Почти каждое утро тем первым летом после колледжа Флоренс встречалась со Стюартом на песчаной полоске перед пляжной палаткой на Мэриленд-авеню. Солнце еще лежало за горизонтом, и к тому времени, как он протаскивал спасательную лодку по песку и сталкивал ее с мостков на открытую воду вместе с сидящей на носу Флоренс, небо едва окрашивалось в розовый. Она мало говорила, пока он греб через волны, но ему все равно нравилось быть с ней в лодке. Ночами, когда он засиживался в баре «Ритца» или пивной на Садовом пирсе, возникал соблазн отключить будильник и снова залезть под одеяло. Вместо этого он болтал в кружке свой кофе и давал Флоренс последние наставления – расслабить плечи или загребать дальше. Если у нее были вопросы, то она задавала их, но чаще просто кивала, несколько раз вытягивала руки над головой, сбрасывала покрывало и ныряла в воду.
Когда Флоренс плыла, Стюарт греб за ней, держа дистанцию в несколько лодочных длин, чтобы не врезаться в девушку, если она вдруг остановится. Иногда он пытался кричать ей – время на секундомере, который он держал в кармане, или предупреждение о том, что она сбивается с курса, но натянутая на уши шапочка, гул океанских вод и плеск рассекаемых ей волн не позволял доносить до нее слова. Но это было неважно. Она знала пейзаж Атлантик-Сити достаточно хорошо, чтобы помнить, что Центральный пирс от Садового отделяло полмили пляжа, а пирс Миллиона Долларов был еще в полумиле.
В какой-то момент Стюарт кричал Флоренс, что пора забираться в лодку, и она слушалась, позволяя схватить себя под руки и затащить через борт и на дно, как свежий улов. Он знал, что во многих случаях она предпочла бы отмахнуться и продолжить плыть, вернуться на пляж, когда это будет удобно ей, но Стюарт, который спасал сотни жизней каждое лето, и слушать об этом не хотел:
– Ты не неуязвима, знаешь ли, – часто говорил он ей.
Грести обратно к берегу всегда нравилось Стюарту больше всего. После заплыва, когда солнце стояло в небе, Флоренс была куда разговорчивей. Она заворачивалась в полотенце, заглатывала остатки кофе Стюарта и задавала вопросы, на которые уже знала ответы – выглядела ли она крепче и был ли, по его мнению, у нее шанс на кубок показательного заплыва в этом году? Вот что нравилось Стюарту в ней больше всего. Флоренс была уверена в себе. Еще ему нравились ее ключицы, которые подпрыгивали, когда она смеялась. О, и ее глаза. Ему очень нравились ее глаза.
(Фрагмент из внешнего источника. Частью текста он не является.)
(* Let $\Phi : M_m \to M_n$ be a transpose-preserving linear map. If $W^{1+i}_{\min}(C_\Phi) \ge 0$, then there exist matrices $A_1,\dots,A_k \in M_{n,m}$ and a linear map $\Psi: M_m\to M_n$ with $\Psi(X) = 0$ for every symmetric $X\in M_m$, such that \[ \Phi(X) = \sum_j A_j X A_j^T + \Psi(X) \quad\text{for all } X\in M_m; \] consequently $\Phi$ is positive.
   Context: $M_{n,m}$ denotes real $n\times m$ matrices, $M_n = M_{n,n}$, and $M_m\otimes M_n$ is identified with $M_{mn}$ via the Kronecker product. A linear map $\Phi: M_m\to M_n$ is transpose-preserving if $\Phi(X^T) = \Phi(X)^T$ for all $X$; it is positive if $\Phi(X)$ is positive semidefinite whenever $X$ is symmetric positive semidefinite. The Choi matrix is $C_\Phi = \sum_{i,j=1}^m E_{i,j}\otimes\Phi(E_{i,j})$, with $E_{i,j}$ the matrix units. For $A=\sum_j X_j\otimes Y_j\in M_m\otimes M_n$, the partial transpose is $A^\Gamma = \sum_j X_j\otimes Y_j^T$. The numerical range of $A\in M_N(\mathbb{C})$ is $W(A) = \{\mathbf{x}^*A\mathbf{x} : \mathbf{x}\in\mathbb{C}^N, \|\mathbf{x}\|=1\}$. For real $B$, $W^{1+i}(B) = \{c\in\mathbb{R} : c(1+i)\in W(B+iB^\Gamma)\}$, a nonempty compact interval with minimum $W^{1+i}_{\min}(B)$. *)

theory Defs
  imports "HOL-Analysis.Analysis"
begin

text \<open>M_m \<otimes> M_n is identified with M_{mn} by indexing rows/columns with pairs
  ('m \<times> 'n): (X \<otimes> Y)_{(i,k),(j,l)} = X_{ij} Y_{kl}.\<close>

definition mat_unit :: "'m::finite \<Rightarrow> 'm \<Rightarrow> real^'m^'m" where
  "mat_unit i j = (\<chi> a b. if a = i \<and> b = j then 1 else 0)"

definition transpose_preserving :: "(real^'m::finite^'m \<Rightarrow> real^'n::finite^'n) \<Rightarrow> bool" where
  "transpose_preserving \<Phi> \<longleftrightarrow> (\<forall>X. \<Phi> (transpose X) = transpose (\<Phi> X))"

definition psd :: "real^'n::finite^'n \<Rightarrow> bool" where
  "psd X \<longleftrightarrow> transpose X = X \<and> (\<forall>v. 0 \<le> v \<bullet> (X *v v))"

definition positive_map :: "(real^'m::finite^'m \<Rightarrow> real^'n::finite^'n) \<Rightarrow> bool" where
  "positive_map \<Phi> \<longleftrightarrow> (\<forall>X. psd X \<longrightarrow> psd (\<Phi> X))"

text \<open>Choi matrix C = \<Sum>_{i,j} E_ij \<otimes> \<Phi>(E_ij), entry at ((i,k),(j,l)) is \<Phi>(E_ij)_{kl}.\<close>
definition choi :: "(real^'m::finite^'m \<Rightarrow> real^'n::finite^'n) \<Rightarrow> real^('m \<times> 'n)^('m \<times> 'n)" where
  "choi \<Phi> = (\<chi> r s. \<Sum>i\<in>UNIV. \<Sum>j\<in>UNIV.
       (mat_unit i j $ fst r $ fst s) * (\<Phi> (mat_unit i j) $ snd r $ snd s))"

text \<open>Partial transpose: (X \<otimes> Y)^\<Gamma> = X \<otimes> Y^T.\<close>
definition partial_transpose :: "real^('m::finite \<times> 'n::finite)^('m \<times> 'n) \<Rightarrow> real^('m \<times> 'n)^('m \<times> 'n)" where
  "partial_transpose B = (\<chi> r s. B $ (fst r, snd s) $ (fst s, snd r))"

definition numerical_range :: "complex^'N::finite^'N \<Rightarrow> complex set" where
  "numerical_range A = {(\<Sum>i\<in>UNIV. cnj (x $ i) * (A *v x) $ i) | x. norm x = 1}"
В те дни, когда ему не нужно было спешить на вышку с самого ранья, он не торопился обратно к пляжу. Флоренс часто подшучивала над ним:
– Сейчас мой отец уже, наверное, вызвал Береговую стражу.
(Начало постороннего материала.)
lemma multiplier_op_scale:
  "multiplier_op (\<lambda>\<xi>. c * m \<xi>) f x = c * multiplier_op m f x"
  unfolding multiplier_op_def by (simp add: mult.assoc)

lemma (in pair_sigma_finite) integrable_bounded_kernel_product:
  fixes K :: "'a \<Rightarrow> 'b \<Rightarrow> 'c::{real_normed_field, banach, second_countable_topology}"
  assumes K_meas: "(\<lambda>(x, y). K x y) \<in> borel_measurable (M1 \<Otimes>\<^sub>M M2)"
    and K_bounded: "\<And>x y. x \<in> space M1 \<Longrightarrow> norm (K x y) \<le> B"
    and \<phi>: "integrable M1 \<phi>" and E: "integrable M2 E"
  shows "integrable (M1 \<Otimes>\<^sub>M M2) (\<lambda>(x, y). K x y * \<phi> x * E y)"
proof -
  define G where "G x y = K x y * \<phi> x * E y" for x y
  have G_meas: "(\<lambda>(x, y). G x y) \<in> borel_measurable (M1 \<Otimes>\<^sub>M M2)"
    unfolding G_def using K_meas \<phi> E by measurable
  have G_norm: "norm (G x y) \<le> B * norm (\<phi> x) * norm (E y)" if "x \<in> space M1" for x y
  proof -
    have "norm (K x y) * (norm (\<phi> x) * norm (E y)) \<le> B * (norm (\<phi> x) * norm (E y))"
      using K_bounded[OF that] by (rule mult_right_mono) simp
    then show ?thesis
      by (simp add: G_def norm_mult mult.assoc)
  qed
  have G_section_int: "integrable M2 (G x)" if x: "x \<in> space M1" for x
  proof (rule Bochner_Integration.integrable_bound)
    show "integrable M2 (\<lambda>y. B * norm (\<phi> x) * norm (E y))"
      using E by (intro integrable_mult_right integrable_norm)
    show "G x \<in> borel_measurable M2"
      using measurable_Pair2[OF G_meas x] by simp
    show "AE y in M2. norm (G x y) \<le> norm (B * norm (\<phi> x) * norm (E y))"
      using G_norm[OF x] by (intro AE_I2) (auto intro: order_trans[OF _ abs_ge_self])
  qed
  have "integrable (M1 \<Otimes>\<^sub>M M2) (\<lambda>(x, y). G x y)"
  proof (rule Fubini_integrable[OF G_meas])
    show "AE x in M1. integrable M2 (\<lambda>y. case (x, y) of (x, y) \<Rightarrow> G x y)"
      using G_section_int by simp
    show "integrable M1 (\<lambda>x. \<integral>y. norm (case (x, y) of (x, y) \<Rightarrow> G x y) \<partial>M2)"
    proof (rule Bochner_Integration.integrable_bound)
      show "integrable M1 (\<lambda>x. B * (\<integral>y. norm (E y) \<partial>M2) * norm (\<phi> x))"
        using \<phi> by (intro integrable_mult_right integrable_norm)
      show "(\<lambda>x. \<integral>y. norm (case (x, y) of (x, y) \<Rightarrow> G x y) \<partial>M2) \<in> borel_measurable M1"
        using G_meas by (intro M2.borel_measurable_lebesgue_integral) (simp add: case_prod_beta')
      have "(\<integral>y. norm (G x y) \<partial>M2) \<le> (\<integral>y. B * norm (\<phi> x) * norm (E y) \<partial>M2)" if x: "x \<in> space M1" for x
        using G_section_int[OF x] E G_norm[OF x]
        by (intro integral_mono integrable_mult_right integrable_norm) auto
      then show "AE x in M1. norm (\<integral>y. norm (case (x, y) of (x, y) \<Rightarrow> G x y) \<partial>M2)
          \<le> norm (B * (\<integral>y. norm (E y) \<partial>M2) * norm (\<phi> x))"
        by (intro AE_I2) (auto simp: mult_ac intro: order_trans[OF _ abs_ge_self])
    qed
  qed
  then show ?thesis
    unfolding G_def .
qed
Теперь, без Флоренс на борту, лодка казалась большой и громоздкой. Океан – необъятным, одиноким. Пляж – более далеким. Стюарт представлял, как будет грести к горизонту, пока не потеряет из виду не только Набережную, но даже маленький кусочек земли, на котором примостился Атлантик-Сити. Когда, кроме солнца, не останется ориентиров, сможет ли он найти дорогу домой? И захочет ли?